You can specify the following options in the PROC MULTTEST statement.

BONFERRONI

BON

specifies that the Bonferroni adjustments (number of tests — p -value) be computed for each test. These adjustments can be extremely conservative and should be viewed with caution. When exact tests are specified via the PERMUTATION= option in the TEST statement, the actual permutation distributions are used, resulting in a much less conservative version of this procedure (Westfall and Wolfinger 1997).

BOOTSTRAP

BOOT

specifies that the p -values be adjusted using the bootstrap method to resample vectors (Westfall and Young 1993). Resampling is performed with replacement and independently within levels of the STRATA variable. Continuous variables are mean-centered by default prior to resampling. The BOOTSTRAP option is not allowed with the PETO test for theoretical reasons.
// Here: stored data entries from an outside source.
(* Let $M=P+\varepsilon D\in\mathbb{DH}[t]$ be monic with $\operatorname{mrpf}(P)=1$, and write $P\overline{P}=\prod_{i=1}^m N_i^{n_i}$ with pairwise coprime, irreducible, monic quadratic polynomials $N_1,\dots,N_m\in\mathbb{R}[t]$ and positive integers $n_1,\dots,n_m$. Then $M$ admits a factorization $M=(t-h_1)(t-h_2)\cdots(t-h_k)$ with $h_1,\dots,h_k\in\mathbb{DH}$ if and only if $\prod_{i=1}^m N_i^{n_i-1}$ divides the norm polynomial $M\overline{M}$ in $\mathbb{D}[t]$ (equivalently, $\prod_{i=1}^m N_i^{n_i-1}$ divides the dual part $P\overline{D}+D\overline{P}$ of $M\overline{M}$ in $\mathbb{R}[t]$).
   Context: $\mathbb{D}=\mathbb{R}[\varepsilon]/\langle\varepsilon^2\rangle$ denotes the dual numbers. $\mathbb{H}$ denotes the real quaternions with basis $1,\mathbf{i},\mathbf{j},\mathbf{k}$, $\mathbf{i}^2=\mathbf{j}^2=\mathbf{k}^2=\mathbf{i}\mathbf{j}\mathbf{k}=-1$. The dual quaternions $\mathbb{DH}$ are the $\mathbb{D}$-algebra $\mathbb{H}\otimes_{\mathbb{R}}\mathbb{D}$ ($\varepsilon$ commutes with $\mathbf{i},\mathbf{j},\mathbf{k}$). The conjugate of $q=q_0+q_1\mathbf{i}+q_2\mathbf{j}+q_3\mathbf{k}$ ($q_i\in\mathbb{D}$) is $\overline{q}=q_0-q_1\mathbf{i}-q_2\mathbf{j}-q_3\mathbf{k}$. $\mathbb{DH}[t]$ is the ring of polynomials with dual quaternion coefficients in which $t$ commutes with all coefficients. For $M=\sum m_it^i$, $\overline{M}=\sum\overline{m_i}t^i$ and the norm polynomial is $M\overline{M}=\overline{M}M\in\mathbb{D}[t]$. Every $M\in\mathbb{DH}[t]$ is written $M=P+\varepsilon D$ with $P,D\in\mathbb{H}[t]$ (primal and dual part); then $M\overline{M}=P\overline{P}+\varepsilon(P\overline{D}+D\overline{P})$. For $P\in\mathbb{H}[t]$, $\operatorname{mrpf}(P)$ denotes the maximal (monic) real polynomial factor of $P$, i.e. the monic $c\in\mathbb{R}[t]$ of largest degree with $P=cP'$ for some $P'\in\mathbb{H}[t]$; $\operatorname{mrpf}(P)=1$ means $P$ has no real polynomial factor of positive degree. *)

theory Defs
  imports "HOL-Computational_Algebra.Polynomial"
begin

text \<open>Real quaternions q0 + q1 i + q2 j + q3 k and dual quaternions p + eps d.\<close>
datatype quat = Quat real real real real
datatype dquat = DQuat quat quat

text \<open>Quaternion polynomials in H[t], represented by their four real component
  polynomials p0 + p1 i + p2 j + p3 k (t is central, so this is exact).\<close>
datatype hpoly = HP "real poly" "real poly" "real poly" "real poly"

text \<open>Dual quaternion polynomials M = P + eps D in DH[t].\<close>
datatype dhpoly = DHP hpoly hpoly

fun hp_add :: "hpoly \<Rightarrow> hpoly \<Rightarrow> hpoly" where
  "hp_add (HP a0 a1 a2 a3) (HP b0 b1 b2 b3) = HP (a0+b0) (a1+b1) (a2+b2) (a3+b3)"

fun hp_mult :: "hpoly \<Rightarrow> hpoly \<Rightarrow> hpoly" where
  "hp_mult (HP a0 a1 a2 a3) (HP b0 b1 b2 b3) =
     HP (a0*b0 - a1*b1 - a2*b2 - a3*b3)
        (a0*b1 + a1*b0 + a2*b3 - a3*b2)
        (a0*b2 - a1*b3 + a2*b0 + a3*b1)
        (a0*b3 + a1*b2 - a2*b1 + a3*b0)"

fun hp_cnj :: "hpoly \<Rightarrow> hpoly" where
  "hp_cnj (HP a0 a1 a2 a3) = HP a0 (-a1) (-a2) (-a3)"

definition hp_of_real :: "real poly \<Rightarrow> hpoly" where
  "hp_of_real c = HP c 0 0 0"

definition hp_zero :: hpoly where "hp_zero = HP 0 0 0 0"
definition hp_one :: hpoly where "hp_one = HP 1 0 0 0"

fun dhp_mult :: "dhpoly \<Rightarrow> dhpoly \<Rightarrow> dhpoly" where
  "dhp_mult (DHP P D) (DHP P' D') = DHP (hp_mult P P') (hp_add (hp_mult P D') (hp_mult D P'))"

fun dhp_cnj :: "dhpoly \<Rightarrow> dhpoly" where
  "dhp_cnj (DHP P D) = DHP (hp_cnj P) (hp_cnj D)"

definition dhp_one :: dhpoly where "dhp_one = DHP hp_one hp_zero"

definition dhp_of_dual :: "real poly \<Rightarrow> real poly \<Rightarrow> dhpoly" where
  "dhp_of_dual a b = DHP (hp_of_real a) (hp_of_real b)"

text \<open>The linear polynomial t - h for a dual quaternion h.\<close>
fun lin_factor :: "dquat \<Rightarrow> dhpoly" where
  "lin_factor (DQuat (Quat a0 a1 a2 a3) (Quat b0 b1 b2 b3)) =
     DHP (HP [:-a0, 1:] [:-a1:] [:-a2:] [:-a3:]) (HP [:-b0:] [:-b1:] [:-b2:] [:-b3:])"

definition lin_prod :: "dquat list \<Rightarrow> dhpoly" where
  "lin_prod hs = foldr (\<lambda>h acc. dhp_mult (lin_factor h) acc) hs dhp_one"

fun dhp_degree :: "dhpoly \<Rightarrow> nat" where
  "dhp_degree (DHP (HP p0 p1 p2 p3) (HP d0 d1 d2 d3)) =
     Max {degree p0, degree p1, degree p2, degree p3, degree d0, degree d1, degree d2, degree d3}"

fun dhp_coeff :: "dhpoly \<Rightarrow> nat \<Rightarrow> dquat" where
  "dhp_coeff (DHP (HP p0 p1 p2 p3) (HP d0 d1 d2 d3)) n =
     DQuat (Quat (coeff p0 n) (coeff p1 n) (coeff p2 n) (coeff p3 n))
           (Quat (coeff d0 n) (coeff d1 n) (coeff d2 n) (coeff d3 n))"

definition dhp_monic :: "dhpoly \<Rightarrow> bool" where
  "dhp_monic M \<longleftrightarrow> dhp_coeff M (dhp_degree M) = DQuat (Quat 1 0 0 0) (Quat 0 0 0 0)"

fun hp_scale :: "real poly \<Rightarrow> hpoly \<Rightarrow> hpoly" where
  "hp_scale c (HP a0 a1 a2 a3) = HP (c*a0) (c*a1) (c*a2) (c*a3)"

text \<open>mrpf(P) = 1: P has no real polynomial factor of positive degree.\<close>
definition mrpf_one :: "hpoly \<Rightarrow> bool" where
  "mrpf_one P \<longleftrightarrow> \<not> (\<exists>c P'. degree c > 0 \<and> P = hp_scale c P')"

end

(*
  Write P + eps D with P, D quaternions over R[t]; the dual part of the norm of P + eps D is
  2 <P, D>, where <_, _> is the quaternion inner product.  For a linear polynomial L of norm N
  and any real quaternion c,

    <P' L, P' c + D' L> = <P', D'> N + |P'|^2 <L, c>,

  and since the square of a prime q of degree at least 2 does not divide the quadratic N, the
  condition "q^(k+1) | |P|^2 implies q^k | <P, D>, for all such q and k" holds for
  P' L + eps (P' c + D' L) if and only if it holds for P' + eps D'.  So it holds for every
  product of linear factors, and when |P|^2 is the product of the N_i^n_i it amounts to the
  product of the N_i^(n_i - 1) dividing <P, D>.

  Conversely, assume the condition and pick a prime factor N of |P|^2.  Evaluating at a complex
  root l of N, Niven's lemma gives P = P' L with |L|^2 = N, because P has no real factor.
  Writing D = P' c + D' L amounts to finding beta with (D(l) + P'(l) beta) conj(L(l)) = 0 in the
  complex quaternions; this is solvable unless N divides |P'|^2 but not <P, D>, which the
  condition for q = N, k = 1 excludes.  The condition passes to P' + eps D', and induction on
  the degree finishes the proof.
*)

theory Submission
  imports Defs "HOL-Computational_Algebra.Polynomial_Factorial"
    "HOL-Computational_Algebra.Field_as_Ring"
begin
If the PERMUTATION= suboption is used with the CA test on the TEST statement, the exact permutation distribution is recomputed for each bootstrap sample. Caution: This can be very time-consuming . It is preferable to use permutation resampling when permutation base tests are used.

CENTER

requests that continuous variables be mean-centered prior to resampling. The default action is to mean-center for bootstrap resampling and not to mean-center for permutation resampling.

DATA= SAS-data-set

names the input SAS data set to be used by PROC MULTTEST. The default is to use the most recently created data set. The DATA= and PDATA= options cannot both be specified.

FDR

requests adjusted p -values using the method of Benjamini and Hochberg (1995). These p -values do not control the familywise error rate, but they do control the false discovery rate in some cases.

FISHER_C

requests adjusted p -values using Fisher s combination method.

HOC

requests adjusted p -values using Hochberg s (1988) step-up Bonferroni method.

HOMMEL

HOM

requests adjusted p -values using Hommel s (1988) method.

HOLM

is an alias for the STEPBON adjustment.

NOCENTER

requests that continuous variables not be mean-centered prior to resampling. The default action is to mean-center for bootstrap resampling and not to mean-center for permutation resampling.

NOPRINT

suppresses the normal display of results. Note that this option temporarily disables the Output Delivery System (ODS); see Chapter 14, The Output Delivery System, for more information.

NOTABLES

suppresses display of the Discrete Variable Tabulations and Continuous Variable Tabulations tables.

NOZEROS

suppresses display of tables having zero occurrences for all CLASS levels.

NSAMPLE= number

N= number

specifies the number of resamples for use with the BOOTSTRAP and PERMUTATION options; it is assumed to be 20,000 by default. Large values of number (20,000 or more) are usually recommended for accuracy, but long execution times may result, particularly with large data sets.

ORDER=DATA FORMATTED FREQ INTERNAL

specifies the sorting order for the levels of the CLASS variable. By default, ORDER=FORMATTED. For ORDER=FORMATTED and ORDER=INTERNAL, the sort order is machine dependent. This ordering determines which parameters in the model correspond to each level in the data, so the ORDER= option may be useful when you use CONTRAST statements.

When ORDER=FORMATTED is in effect for numeric variables for which you have supplied no explicit format, the levels are ordered by their internal values. In releases previous to Version 8, numeric class levels with no explicit format were ordered by their BEST12. formatted values. In order to revert to the previous method, you can specify this format explicitly for the CLASS variable. The change was implemented because the former default behavior for ORDER=FORMATTED often resulted in levels not being ordered numerically and required you to use an explicit format or to specify ORDER=INTERNAL to get the more natural ordering.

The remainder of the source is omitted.